[Data entries]
= Beginning of Section =

(* Let $X$ and $Y$ be uniform spaces and $f\colon X\to Y$ a function that generates the uniform structure on $Y$. Then $f$ is a uniform covering map if and only if $X$ has a base of entourages $E$ such that $E$ evenly covers $f(E)$.
   Context: A uniform structure on a set $X$ is a filter $\mathcal{E}$ of symmetric subsets (entourages) of $X\times X$ containing the diagonal such that every $G_1\in\mathcal{E}$ admits $G\in\mathcal{E}$ with $G^2\subset G_1$, where $G^2=\{(x,z):\exists y,\ (x,y),(y,z)\in G\}$. For $x\in X$ and an entourage $E$, $B(x,E)=\{y:(x,y)\in E\}$. For a function $f\colon X\to Y$ and $E\subset X\times X$, $f(E)=\{(f(x),f(y)):(x,y)\in E\}$. A surjection $f\colon X\to Y$ from a uniform space generates the uniform structure on $Y$ if $\{f(E)\}_E$, $E$ ranging over entourages of $X$, is a base of the uniform structure of $Y$. For a symmetric $E\subset X\times X$ containing the diagonal, the Rips complex $R(X,E)$ is the simplicial complex (weak topology) with vertex set $X$ whose simplices are the finite sets $F\subset X$ with $F\times F\subset E$; $f$ induces the simplicial map $f_E\colon R(X,E)\to R(Y,f(E))$, $\sum t_ix_i\mapsto\sum t_if(x_i)$. A simplicial covering map is a simplicial map that is a topological covering map. $f\colon X\to Y$ is a uniform covering map if it generates the uniform structure on $Y$ and the entourages $E$ of $X$ for which $f_E\colon R(X,E)\to R(Y,f(E))$ is a simplicial covering map form a base of the uniform structure of $X$. A symmetric $E\subset X\times X$ evenly covers $f(E)$ if for every $x\in X$, $f$ maps $B(x,E)$ bijectively onto $B(f(x),f(E))$. *)

theory Defs
  imports "HOL-Analysis.Analysis"
begin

= End of Section =

WHAT NEEDS TO BE DONE: All entries must be duplicated exactly, with none left out.

EXERCISE RESPONSE:
(* Let $X$ and $Y$ be uniform spaces and $f\colon X\to Y$ a function that generates the uniform structure on $Y$. Then $f$ is a uniform covering map if and only if $X$ has a base of entourages $E$ such that $E$ evenly covers $f(E)$.
   Context: A uniform structure on a set $X$ is a filter $\mathcal{E}$ of symmetric subsets (entourages) of $X\times X$ containing the diagonal such that every $G_1\in\mathcal{E}$ admits $G\in\mathcal{E}$ with $G^2\subset G_1$, where $G^2=\{(x,z):\exists y,\ (x,y),(y,z)\in G\}$. For $x\in X$ and an entourage $E$, $B(x,E)=\{y:(x,y)\in E\}$. For a function $f\colon X\to Y$ and $E\subset X\times X$, $f(E)=\{(f(x),f(y)):(x,y)\in E\}$. A surjection $f\colon X\to Y$ from a uniform space generates the uniform structure on $Y$ if $\{f(E)\}_E$, $E$ ranging over entourages of $X$, is a base of the uniform structure of $Y$. For a symmetric $E\subset X\times X$ containing the diagonal, the Rips complex $R(X,E)$ is the simplicial complex (weak topology) with vertex set $X$ whose simplices are the finite sets $F\subset X$ with $F\times F\subset E$; $f$ induces the simplicial map $f_E\colon R(X,E)\to R(Y,f(E))$, $\sum t_ix_i\mapsto\sum t_if(x_i)$. A simplicial covering map is a simplicial map that is a topological covering map. $f\colon X\to Y$ is a uniform covering map if it generates the uniform structure on $Y$ and the entourages $E$ of $X$ for which $f_E\colon R(X,E)\to R(Y,f(E))$ is a simplicial covering map form a base of the uniform structure of $X$. A symmetric $E\subset X\times X$ evenly covers $f(E)$ if for every $x\in X$, $f$ maps $B(x,E)$ bijectively onto $B(f(x),f(E))$. *)

theory Defs
  imports "HOL-Analysis.Analysis"
begin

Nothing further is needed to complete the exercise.